Verbose output. Write some statistics concerning number of potential duplicates found at each stage to stderr.

−z

Include even zero-length files in the search. If there is more than one zero-length file, all of those files will be considered duplicates.

NOTES

If no directory is specified, the current directory is assumed.

In terms of program history, the repeats utility was written first (in 2004). The repeats.pl utility was written later (in 2020) to explore new algorithms and it currently implements a multi-step stage 3 algorithm that requires less disc I/O than repeats. It still runs slightly slower than repeats on Linux for most data sets but is actually faster on Cygwin.

BUGS

It must be noted that it is theoretically possible (though freakishly improbable) for two different files to be listed as duplicates if the −p option is not used. If they have the same size and the same file hash, they will be listed as the duplicates. The odds of two different files (of the same size) being listed as duplicates is approximately 1.16e77 to 1 for the SHA256 hash. Using arguments similar to the classic "birthday paradox" (i.e., the probability of two people sharing the same birthday in a room of only 23 people is greater than 50%), it can be shown that it would take approximately 4.01e38 different files (of exactly the same size) to achieve similar odds. In other words, it’ll probably never happen. Ever. However, it’s not inconceivable. You have been warned.

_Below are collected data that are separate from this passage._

text \<open>The positive definite Hessian makes the first derivative increase along every segment.\<close>

lemma strict_gradient_inequality:
  assumes "x \<noteq> y"
  shows "F x + DF x (y - x) < F y"
proof -
  define v where "v = y - x"
  have v: "v \<noteq> 0" using assms unfolding v_def by simp
  obtain s where s: "0 < s" "s < 1"
    "F (x + 1 *\<^sub>R v) - F (x + 0 *\<^sub>R v) = (1 - 0) * DF (x + s *\<^sub>R v) v"
    using MVT2[OF zero_less_one F_line_has_derivative] by blast
  have "frechet_derivative (\<lambda>z. DF z v) (at z) v > 0" for z
    using hessian_pos v unfolding pos_def_hessian_def DF_def by blast
  then have "DF (x + 0 *\<^sub>R v) v < DF (x + s *\<^sub>R v) v"
    by (intro DERIV_pos_imp_increasing[OF s(1)]) (use DF_line_has_derivative in blast)
  then show ?thesis using s(3) unfolding v_def by simp
qed

lemma gradient_inequality: "F x + DF x (y - x) \<le> F y"
  using strict_gradient_inequality[of x y] by (cases "x = y") (auto simp: linear_0[OF DF_linear])

lemma convex_on_F: "convex_on UNIV F"
proof (rule convex_onI)
  fix t :: real and x y :: 'a
  assume t: "0 < t" "t < 1"
  define z where "z = (1 - t) *\<^sub>R x + t *\<^sub>R y"
  have "(1 - t) * DF z (x - z) + t * DF z (y - z) = DF z ((1 - t) *\<^sub>R (x - z) + t *\<^sub>R (y - z))"
    using DF_linear[of z] by (simp add: linear_add linear_scale)
  also have "\<dots> = 0" unfolding z_def by (simp add: algebra_simps linear_0[OF DF_linear])
  finally have "(1 - t) * DF z (x - z) + t * DF z (y - z) = 0" .
  moreover have "(1 - t) * (F z + DF z (x - z)) \<le> (1 - t) * F x"
    and "t * (F z + DF z (y - z)) \<le> t * F y"
    using gradient_inequality t by (intro mult_left_mono; simp)+
  ultimately show "F ((1 - t) *\<^sub>R x + t *\<^sub>R y) \<le> (1 - t) * F x + t * F y"
    unfolding z_def[symmetric] by (simp add: algebra_simps)
qed simp

lemma M_subset_K: "M \<subseteq> K"
  using frontier_K K.frontier_subset by blast

lemma convex_hull_M: "convex hull M = K"
  using Krein_Milman_frontier[OF K.convex K.compact] frontier_K by simp

lemma F_le_on_K: "y \<in> K \<Longrightarrow> F y \<le> c"
  using convex_on_convex_hull_bound[of M F c] convex_on_subset[OF convex_on_F] convex_hull_M level
  by auto

lemma F_0_less: "F 0 < c"
proof -
  have "F 0 \<le> c" using F_le_on_K K.zero_in_interior interior_subset by blast
  moreover have "F 0 \<noteq> c" using K.zero_notin_frontier frontier_K level by blast
  ultimately show ?thesis by simp
qed

lemma K_eq_sublevel: "K = {y. F y \<le> c}"
proof (intro equalityI subsetI)
  fix y assume "y \<in> {y. F y \<le> c}"
  then have y: "F y \<le> c" by simp
  show "y \<in> K"
  proof (rule ccontr)
    assume "y \<notin> K"
    then have "y \<noteq> 0" using K.zero_in_interior interior_subset by blast
    then obtain d where d: "0 < d" "0 + d *\<^sub>R y \<in> frontier K"
        "\<And>e. 0 \<le> e \<Longrightarrow> e < d \<Longrightarrow> 0 + e *\<^sub>R y \<in> interior K"
      using ray_to_frontier[OF compact_imp_bounded[OF K.compact] K.zero_in_interior] by blast
    have "\<not> 1 < d" using d(3)[of 1] \<open>y \<notin> K\<close> interior_subset by auto
    moreover have "d \<noteq> 1" using d(2) \<open>y \<notin> K\<close> K.frontier_subset by auto
    ultimately have "d < 1" by simp
    have "F (d *\<^sub>R y) = c" using d(2) frontier_K level by auto
    moreover have "F ((1 - d) *\<^sub>R 0 + d *\<^sub>R y) \<le> (1 - d) * F 0 + d * F y"
      using convex_onD[OF convex_on_F, of d 0 y] d(1) \<open>d < 1\<close> by simp
    moreover have "(1 - d) * F 0 < (1 - d) * c" using F_0_less \<open>d < 1\<close> by simp
    moreover have "d * F y \<le> d * c" using y d(1) by simp
    ultimately show False by (simp add: algebra_simps)
  qed
qed (use F_le_on_K in blast)

lemma is_support_point_gradF:
  assumes "q \<in> M"
  shows "is_support_point K (gradF q) q"
  unfolding is_support_point_def
proof (intro conjI ballI)
  show "q \<in> K" using assms M_subset_K by blast
  fix z assume "z \<in> K"
  then have "F q + DF q (z - q) \<le> c"
    using gradient_inequality[of q z] F_le_on_K by (meson order_trans)
  then show "z \<bullet> gradF q \<le> q \<bullet> gradF q"
    using assms level by (simp add: DF_eq_inner_gradF inner_diff_right inner_commute[of _ "gradF q"])
qed

lemma inner_gradF_pos:
  assumes "q \<in> M"
  shows "0 < q \<bullet> gradF q"
proof -
  have "c - gradF q \<bullet> q \<le> F 0"
    using gradient_inequality[of q 0] assms level by (simp add: DF_eq_inner_gradF)
  then show ?thesis using F_0_less inner_commute[of q "gradF q"] by linarith
qed

lemma gradF_nonzero: "q \<in> M \<Longrightarrow> gradF q \<noteq> 0"
  using inner_gradF_pos by fastforce

lemma F_along_rescaled_line_has_derivative:
  assumes "v \<bullet> gradF q = 0"
  shows "((\<lambda>t. F ((1 / (1 + a * t)) *\<^sub>R (q + t *\<^sub>R v))) has_real_derivative - a * (q \<bullet> gradF q)) (at 0)"
proof -
  have "((\<lambda>t. (1 / (1 + a * t)) *\<^sub>R (q + t *\<^sub>R v)) has_vector_derivative v - a *\<^sub>R q) (at 0)"
    by (auto intro!: derivative_eq_intros simp: divide_inverse)
  from has_real_derivative_compose_vector[OF this F_has_derivative]
  have "((\<lambda>t. F ((1 / (1 + a * t)) *\<^sub>R (q + t *\<^sub>R v))) has_real_derivative DF q (v - a *\<^sub>R q)) (at 0)"
    by simp
  then show ?thesis
    using assms by (simp add: DF_eq_inner_gradF inner_diff_right inner_commute)
qed

text \<open>Along a tangent direction \<open>F\<close> decreases to first order on the rescaled points
  \<open>(q + t v) / (1 + \<epsilon> \<bar>t\<bar>)\<close>, which therefore stay in \<open>K\<close>.\<close>

lemma radial_gauge_along_tangent_line_le:
  assumes q: "q \<in> M" and v: "v \<bullet> gradF q = 0" and \<epsilon>: "\<epsilon> > 0"
  shows "\<forall>\<^sub>F t in at 0. radial_gauge K (q + t *\<^sub>R v) \<le> 1 + \<epsilon> * \<bar>t\<bar>"
proof -
  have qg: "0 < q \<bullet> gradF q" by (rule inner_gradF_pos[OF q])
  have Fq: "F q = c" using q level by simp
  have gauge_le: "radial_gauge K (q + t *\<^sub>R v) \<le> 1 + \<epsilon> * \<bar>t\<bar>"
    if "F ((1 / (1 + \<epsilon> * \<bar>t\<bar>)) *\<^sub>R (q + t *\<^sub>R v)) < c" for t
    using that \<epsilon> K_eq_sublevel by (intro K.radial_gauge_le) (auto intro: add_pos_nonneg)
  obtain d1 where d1: "d1 > 0"
    "\<forall>h>0. h < d1 \<longrightarrow> F ((1 / (1 + \<epsilon> * h)) *\<^sub>R (q + h *\<^sub>R v)) < c"
    using DERIV_neg_dec_right[OF F_along_rescaled_line_has_derivative[OF v, of \<epsilon>]] \<epsilon> qg Fq
    by auto
  have right: "\<forall>\<^sub>F t in at_right 0. radial_gauge K (q + t *\<^sub>R v) \<le> 1 + \<epsilon> * \<bar>t\<bar>"
    unfolding eventually_at_right_field
  proof (intro exI[of _ d1] conjI allI impI)
    fix t :: real assume "0 < t" "t < d1"
    then show "radial_gauge K (q + t *\<^sub>R v) \<le> 1 + \<epsilon> * \<bar>t\<bar>" using d1 gauge_le[of t] by simp
  qed (rule d1(1))
  obtain d2 where d2: "d2 > 0"
    "\<forall>h>0. h < d2 \<longrightarrow> F ((1 / (1 + \<epsilon> * h)) *\<^sub>R (q + (- h) *\<^sub>R v)) < c"
    using DERIV_pos_inc_left[OF F_along_rescaled_line_has_derivative[OF v, of "- \<epsilon>"]] \<epsilon> qg Fq
    by auto
  have left: "\<forall>\<^sub>F t in at_left 0. radial_gauge K (q + t *\<^sub>R v) \<le> 1 + \<epsilon> * \<bar>t\<bar>"
    unfolding eventually_at_left_field
  proof (intro exI[of _ "- d2"] conjI allI impI)
    fix t :: real assume "- d2 < t" "t < 0"
    then show "radial_gauge K (q + t *\<^sub>R v) \<le> 1 + \<epsilon> * \<bar>t\<bar>"
      using d2(2)[rule_format, of "- t"] gauge_le[of t] by simp
  qed (use d2(1) in simp)
  show ?thesis using left right by (simp add: eventually_at_split)
qed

For the various hashes, the number of same-sized files required for the probability of a false positive to reach 50% are as follows:

MD5: 2.17e19 files
SHA1: 1.42e24 files
SHA224: 6.11e33 files
SHA256: 4.01e38 files (default prior to version 1.2.0)
SHA384: 7.39e57 files
SHA512: 1.36e77 files
BLAKE2B-256: 4.01e38 files
BLAKE2B-512: 1.36e77 files (default as of version 1.2.0)

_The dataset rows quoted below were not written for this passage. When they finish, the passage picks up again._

definition uniform_marginals :: "nat \<Rightarrow> nat \<Rightarrow> (nat \<Rightarrow> nat) pmf \<Rightarrow> bool" where
  "uniform_marginals N K \<sigma> \<longleftrightarrow> (\<forall>k<K. marginal \<sigma> k = pmf_of_set {0 .. 2 * (N div K)})"

end

theory Submission
  imports Defs
begin

text \<open>If the opponent's marginals are uniform on \<open>{0..2m}\<close>, a pure allocation \<open>s\<close> earns
  \<open>\<Sum>\<^sub>k (min(s\<^sub>k, 2m+1) + \<alpha>/2 [s\<^sub>k \<le> 2m]) / (2m+1)\<close>, by linearity of expectation. For \<open>\<alpha> \<ge> 0\<close>
  this is at most \<open>(N + K\<alpha>/2)/(2m+1)\<close>, with equality when every \<open>s\<^sub>k \<le> 2m\<close>. So a mixed strategy
  with uniform marginals supported on such allocations equalizes all pure strategies it uses and
  is a best response to itself. Such a strategy is the uniform mixture, over \<open>j \<in> {0..2m}\<close>, of
  allocations whose every coordinate is a permutation of \<open>{0..2m}\<close> in \<open>j\<close>.\<close>

definition shifted_alloc :: "nat \<Rightarrow> nat \<Rightarrow> nat" where
  "shifted_alloc m j = (if j \<le> m then j + m else j - m - 1)"

definition doubled_alloc :: "nat \<Rightarrow> nat \<Rightarrow> nat" where
  "doubled_alloc m j = (if j \<le> m then 2 * m - 2 * j else 4 * m + 1 - 2 * j)"

definition alternating_alloc :: "nat \<Rightarrow> nat \<Rightarrow> nat \<Rightarrow> nat" where
  "alternating_alloc m j k = (if even k then j else 2 * m - j)"

text \<open>For odd \<open>K\<close> the last three receive
  \<open>j\<close>, \<open>j + m\<close> and \<open>2m - 2j\<close>, the latter two taken modulo \<open>2m + 1\<close>; they sum to \<open>3m\<close>.\<close>
definition uniform_alloc :: "nat \<Rightarrow> nat \<Rightarrow> nat \<Rightarrow> nat \<Rightarrow> nat" where
  "uniform_alloc K m j k =
     (if K \<le> k then 0
      else if even K \<or> k + 3 < K then alternating_alloc m j k
      else if k + 3 = K then j
      else if k + 2 = K then shifted_alloc m j
      else doubled_alloc m j)"

lemma uniform_alloc_le: "j \<le> 2 * m \<Longrightarrow> uniform_alloc K m j k \<le> 2 * m"
  by (auto simp: uniform_alloc_def alternating_alloc_def shifted_alloc_def doubled_alloc_def)

lemma inj_on_uniform_alloc:
  assumes "k < K"
  shows "inj_on (\<lambda>j. uniform_alloc K m j k) {0..2 * m}"
proof -
  have "inj_on (shifted_alloc m) {0..2 * m}"
    unfolding inj_on_def shifted_alloc_def by auto
  moreover have "inj_on (doubled_alloc m) {0..2 * m}"
    unfolding inj_on_def doubled_alloc_def by auto presburger+
  moreover have "inj_on (\<lambda>j. alternating_alloc m j k) {0..2 * m}"
    unfolding inj_on_def alternating_alloc_def by auto
  moreover have "(\<lambda>j. uniform_alloc K m j k) \<in>
      {\<lambda>j. alternating_alloc m j k, \<lambda>j. j, shifted_alloc m, doubled_alloc m}"
    using assms by (auto simp: uniform_alloc_def fun_eq_iff)
  ultimately show ?thesis
    by auto
qed

lemma bij_betw_uniform_alloc:
  assumes "k < K"
  shows "bij_betw (\<lambda>j. uniform_alloc K m j k) {0..2 * m} {0..2 * m}"
proof -
  have "(\<lambda>j. uniform_alloc K m j k) ` {0..2 * m} \<subseteq> {0..2 * m}"
    by (auto simp: uniform_alloc_le)
  then show ?thesis
    using inj_on_uniform_alloc[OF assms] by (simp add: bij_betw_def endo_inj_surj)
qed

lemma sum_alternating_alloc: "j \<le> 2 * m \<Longrightarrow> (\<Sum>k<2 * p. alternating_alloc m j k) = p * (2 * m)"
  by (induction p) (auto simp: alternating_alloc_def)

lemma sum_uniform_alloc:
  assumes "2 \<le> K" "j \<le> 2 * m"
  shows "(\<Sum>k<K. uniform_alloc K m j k) = K * m"
proof (cases "even K")
  case True
  then obtain p where p: "K = 2 * p" by blast
  have "(\<Sum>k<K. uniform_alloc K m j k) = (\<Sum>k<2 * p. alternating_alloc m j k)"
    using True p by (intro sum.cong) (auto simp: uniform_alloc_def)
  then show ?thesis
    using sum_alternating_alloc[OF assms(2)] p by simp
next
  case False
  have "\<exists>p. K = 2 * p + 3"
    using False assms(1) by presburger
  then obtain p where p: "K = 2 * p + 3" ..
  have "{..<K} = {2 * p + 2, 2 * p + 1, 2 * p} \<union> {..<2 * p}"
    using p by auto
  then have "(\<Sum>k<K. uniform_alloc K m j k)
      = uniform_alloc K m j (2 * p + 2) + uniform_alloc K m j (2 * p + 1) + uniform_alloc K m j (2 * p)
        + (\<Sum>k<2 * p. uniform_alloc K m j k)"
    by simp
  also have "(\<Sum>k<2 * p. uniform_alloc K m j k) = (\<Sum>k<2 * p. alternating_alloc m j k)"
    using p by (intro sum.cong) (auto simp: uniform_alloc_def)
  finally show ?thesis
    using sum_alternating_alloc[OF assms(2), of p] p assms(2)
    by (auto simp: uniform_alloc_def shifted_alloc_def doubled_alloc_def algebra_simps)
qed

lemma uniform_alloc_in_blotto_S:
  assumes "2 \<le> K" "j \<le> 2 * m"
  shows "uniform_alloc K m j \<in> blotto_S (K * m) K"
proof -
  have "uniform_alloc K m j k \<le> K * m" for k
    using uniform_alloc_le[OF assms(2), of K k] assms(1)
    by (meson le_trans mult_le_mono1)
  moreover have "uniform_alloc K m j k = 0" if "K \<le> k" for k
    using that by (simp add: uniform_alloc_def)
  ultimately show ?thesis
    using sum_uniform_alloc[OF assms] by (simp add: blotto_S_def)
qed

definition uniform_alloc_strategy :: "nat \<Rightarrow> nat \<Rightarrow> (nat \<Rightarrow> nat) pmf" where
  "uniform_alloc_strategy K m = map_pmf (uniform_alloc K m) (pmf_of_set {0..2 * m})"

lemma set_pmf_uniform_alloc_strategy:
  "set_pmf (uniform_alloc_strategy K m) = uniform_alloc K m ` {0..2 * m}"
  by (simp add: uniform_alloc_strategy_def)

lemma mixed_strategy_uniform_alloc_strategy:
  "2 \<le> K \<Longrightarrow> mixed_strategy (K * m) K (uniform_alloc_strategy K m)"
  by (auto simp: mixed_strategy_def set_pmf_uniform_alloc_strategy uniform_alloc_in_blotto_S)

See https://en.wikipedia.org/wiki/Birthday_problem and https://en.wikipedia.org/wiki/Birthday_attack for more information. If this extremely remote risk is too much to bear, use the −p option.

Also, repeats and repeats.pl currently lack logic to mark hardlinks (under the −l option) as duplicates without actually reading the entire file multiple times. This will be addressed in a future version of littleutils.

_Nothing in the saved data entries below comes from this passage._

lemma (in group) localization_normal_Int_trivial:
  assumes L: "inclusion_is_localization H G" and M: "maximal_subgroup H G"
    and N: "N \<lhd> G" and NH: "N \<inter> H = {\<one>}"
  shows "N = {\<one>}"
proof -
  interpret N: normal N G by fact
  have H: "subgroup H G"
    using M unfolding maximal_subgroup_def by blast
  have product: "n \<otimes> h \<in> N <#> H" if "n \<in> N" "h \<in> H" for n h
    using that unfolding set_mult_def by blast
  have N_NH: "N \<subseteq> N <#> H"
  proof
    fix n assume "n \<in> N"
    then show "n \<in> N <#> H"
      using product[of n \<one>] subgroup.one_closed[OF H] by simp
  qed
  have H_NH: "H \<subseteq> N <#> H"
  proof
    fix h assume "h \<in> H"
    then show "h \<in> N <#> H"
      using product[of \<one> h] subgroup.mem_carrier[OF H] by simp
  qed
  have "N <#> H = H \<or> N <#> H = carrier G"
    using M mult_norm_subgroup[OF N H] H_NH unfolding maximal_subgroup_def by blast
  then show ?thesis
  proof
    assume "N <#> H = H"
    then show ?thesis
      using N_NH NH by blast
  next
    assume "N <#> H = carrier G"
    then show ?thesis
      by (rule localization_normal_complement_trivial[OF L H N NH])
  qed
qed

theorem proposition4p1:
  fixes G :: "('a, 'b) monoid_scheme" and H :: "'a set" and p :: nat
  assumes "group G"
    and "maximal_subgroup H G"
    and "is_simple_group (G\<lparr>carrier := H\<rparr>)"
    and "\<not> comm_group (G\<lparr>carrier := H\<rparr>)"
    and "finite (rcosets\<^bsub>G\<^esub> H)"
    and "card (rcosets\<^bsub>G\<^esub> H) = p"
    and "\<exists>g \<in> carrier G. group.ord G g = p"
    and "inclusion_is_localization H G"
  shows "is_simple_group G"
proof -
  \<comment> \<open>Non-commutativity of \<open>H\<close> and finiteness of the index are not needed.\<close>
  interpret group G by fact
  have H: "subgroup H G" and proper: "H \<noteq> carrier G"
    using assms(2) unfolding maximal_subgroup_def by blast+
  obtain g where g: "g \<in> carrier G" "ord g = card (rcosets\<^bsub>G\<^esub> H)"
    using assms(6,7) by blast
  have "N = {\<one>\<^bsub>G\<^esub>} \<or> N = carrier G" if N: "N \<lhd> G" for N
  proof -
    have "N \<inter> H = {\<one>\<^bsub>G\<^esub>} \<or> N \<inter> H = H"
      using assms(3) normal_Int_subgroup[OF H N] unfolding is_simple_group_def by simp
    moreover have "N \<noteq> H"
    proof
      assume "N = H"
      then have "g = \<one>\<^bsub>G\<^esub>"
        using normal.localization_maximal_normal_ord_dvd_index[OF _ assms(8,2) g(1)] N g(2) by simp
      then show False
        using g(2) card_rcosets_proper_subgroup[OF H proper] by simp
    qed
    ultimately show ?thesis
      using localization_normal_Int_trivial[OF assms(8,2) N] assms(2) normal_imp_subgroup[OF N]
      unfolding maximal_subgroup_def by blast
  qed
  moreover have "carrier G \<noteq> {\<one>\<^bsub>G\<^esub>}"
    using proper subgroup.subset[OF H] subgroup.one_closed[OF H] by auto
  ultimately show ?thesis
    unfolding is_simple_group_def using assms(1) by blast
qed

end
definition theta :: "nat \<Rightarrow> nat \<Rightarrow> nat \<Rightarrow> (nat \<Rightarrow> bool) \<Rightarrow> (nat \<Rightarrow> bool)" where
  "theta n m k x = (\<lambda>i. i < n \<and> x ((i + m * k) mod n) \<and>
      (\<forall>j. 1 \<le> j \<and> j < m * k \<and> \<not> m dvd j \<longrightarrow> \<not> x ((i + j) mod n)))"

definition map_sum :: "'j set \<Rightarrow> ('j \<Rightarrow> (nat \<Rightarrow> bool) \<Rightarrow> (nat \<Rightarrow> bool)) \<Rightarrow>
    (nat \<Rightarrow> bool) \<Rightarrow> (nat \<Rightarrow> bool)" where
  "map_sum J F = (\<lambda>x i. odd (card {j \<in> J. F j x i}))"

definition map_add :: "((nat \<Rightarrow> bool) \<Rightarrow> (nat \<Rightarrow> bool)) \<Rightarrow> ((nat \<Rightarrow> bool) \<Rightarrow> (nat \<Rightarrow> bool)) \<Rightarrow>
    (nat \<Rightarrow> bool) \<Rightarrow> (nat \<Rightarrow> bool)" where
  "map_add F G = (\<lambda>x i. F x i \<noteq> G x i)"

definition is_identity_power :: "nat \<Rightarrow> ((nat \<Rightarrow> bool) \<Rightarrow> (nat \<Rightarrow> bool)) \<Rightarrow> nat \<Rightarrow> bool" where
  "is_identity_power n f r \<longleftrightarrow> (\<forall>x \<in> vecs n. (f ^^ r) x = x)"

definition map_order :: "nat \<Rightarrow> ((nat \<Rightarrow> bool) \<Rightarrow> (nat \<Rightarrow> bool)) \<Rightarrow> nat" where
  "map_order n f = (LEAST r. 1 \<le> r \<and> is_identity_power n f r)"

definition is_inverse_map :: "nat \<Rightarrow> ((nat \<Rightarrow> bool) \<Rightarrow> (nat \<Rightarrow> bool)) \<Rightarrow>
    ((nat \<Rightarrow> bool) \<Rightarrow> (nat \<Rightarrow> bool)) \<Rightarrow> bool" where
  "is_inverse_map n f g \<longleftrightarrow> (\<forall>x \<in> vecs n. f x \<in> vecs n \<and> g x \<in> vecs n \<and>
      g (f x) = x \<and> f (g x) = x)"

definition anf :: "nat \<Rightarrow> ((nat \<Rightarrow> bool) \<Rightarrow> bool) \<Rightarrow> nat set set" where
  "anf n g = (THE A. A \<subseteq> Pow {..<n} \<and>
      (\<forall>x \<in> vecs n. g x = odd (card {S \<in> A. \<forall>i \<in> S. x i})))"

definition bool_fun_degree :: "nat \<Rightarrow> ((nat \<Rightarrow> bool) \<Rightarrow> bool) \<Rightarrow> nat" where
  "bool_fun_degree n g = Max (insert 0 (card ` anf n g))"

definition alg_degree :: "nat \<Rightarrow> ((nat \<Rightarrow> bool) \<Rightarrow> (nat \<Rightarrow> bool)) \<Rightarrow> nat" where
  "alg_degree n F = Max (insert 0 ((\<lambda>i. bool_fun_degree n (\<lambda>x. F x i)) ` {..<n}))"

end

(* theta_{m,c} makes sense on one-sided infinite 0/1 sequences, and on F_2^n it is the
   restriction to n-periodic sequences.  A 1 of theta_{m,c}(X) at p certifies a run: X has a 1
   at p + mc and vanishes on the positions of (p, p + mc) off the grid p + mN.  Two runs cannot
   overlap when one starts off the grid of the other, and this yields the composition law
   theta_a o (theta_0 + sum_j theta_{e_j}) = theta_a + sum_j theta_{a + e_j}  (all e_j > 0).
   For f_a = theta_0 + theta_a it telescopes to f_a o f_a = f_{2a} and
   f_a o (theta_0 + theta_a + ... + theta_{ra}) = f_{(r+1)a}, in both orders.  As m does not
   divide n, theta_c vanishes on F_2^n once mc > n, so f_c is the identity there, whereas f_c
   moves the unit vector e_0 when 0 < mc < n.  Hence f = f_k has order 2^T for the least T with
   2^T k > l, and the series up to theta_{sk} inverts it.
   Coordinate i of theta_c is x_{i+mc} prod_j (x_{i+j} + 1), whose monomials are x_{i+mc} times
   the products over the subsets of the window.  These families are disjoint for distinct c, so
   nothing cancels in a sum of theta's and the largest monomial of the last summand gives the
   degree. *)

theory Submission
  imports Defs "HOL-Computational_Algebra.Primes"
begin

And finally, repeats will malfunction if asked to examine files that have one or more "tab" (0x09) characters in the filename, as tab characters are used as delimiters in the temporary working files that repeats creates. If scanning a data set with embedded "tabs" in the filenames, use repeats.pl instead, as it maintains file lists in memory.

SEE ALSO

filehash(1), filenode(1), filesize(1), perl, CryptX(3pm), rep_hash(1), rep_node(1), rep_size(1), duff(1), dupd(1), fdupes(1), jdupes(1), rdfind(1)

COPYRIGHT

Copyright (C) 2004-2021 by Brian Lindholm. This program is free software; you can use it, redistribute it, and/or modify it under the terms of the GNU General Public License as published by the Free Software Foundation; either version 3, or (at your option) any later version.

This program is distributed in the hope that it will be useful, but WITHOUT ANY WARRANTY; without even the implied warranty of MERCHANTABILITY or FITNESS FOR A PARTICULAR PURPOSE. See the GNU General Public License for more details.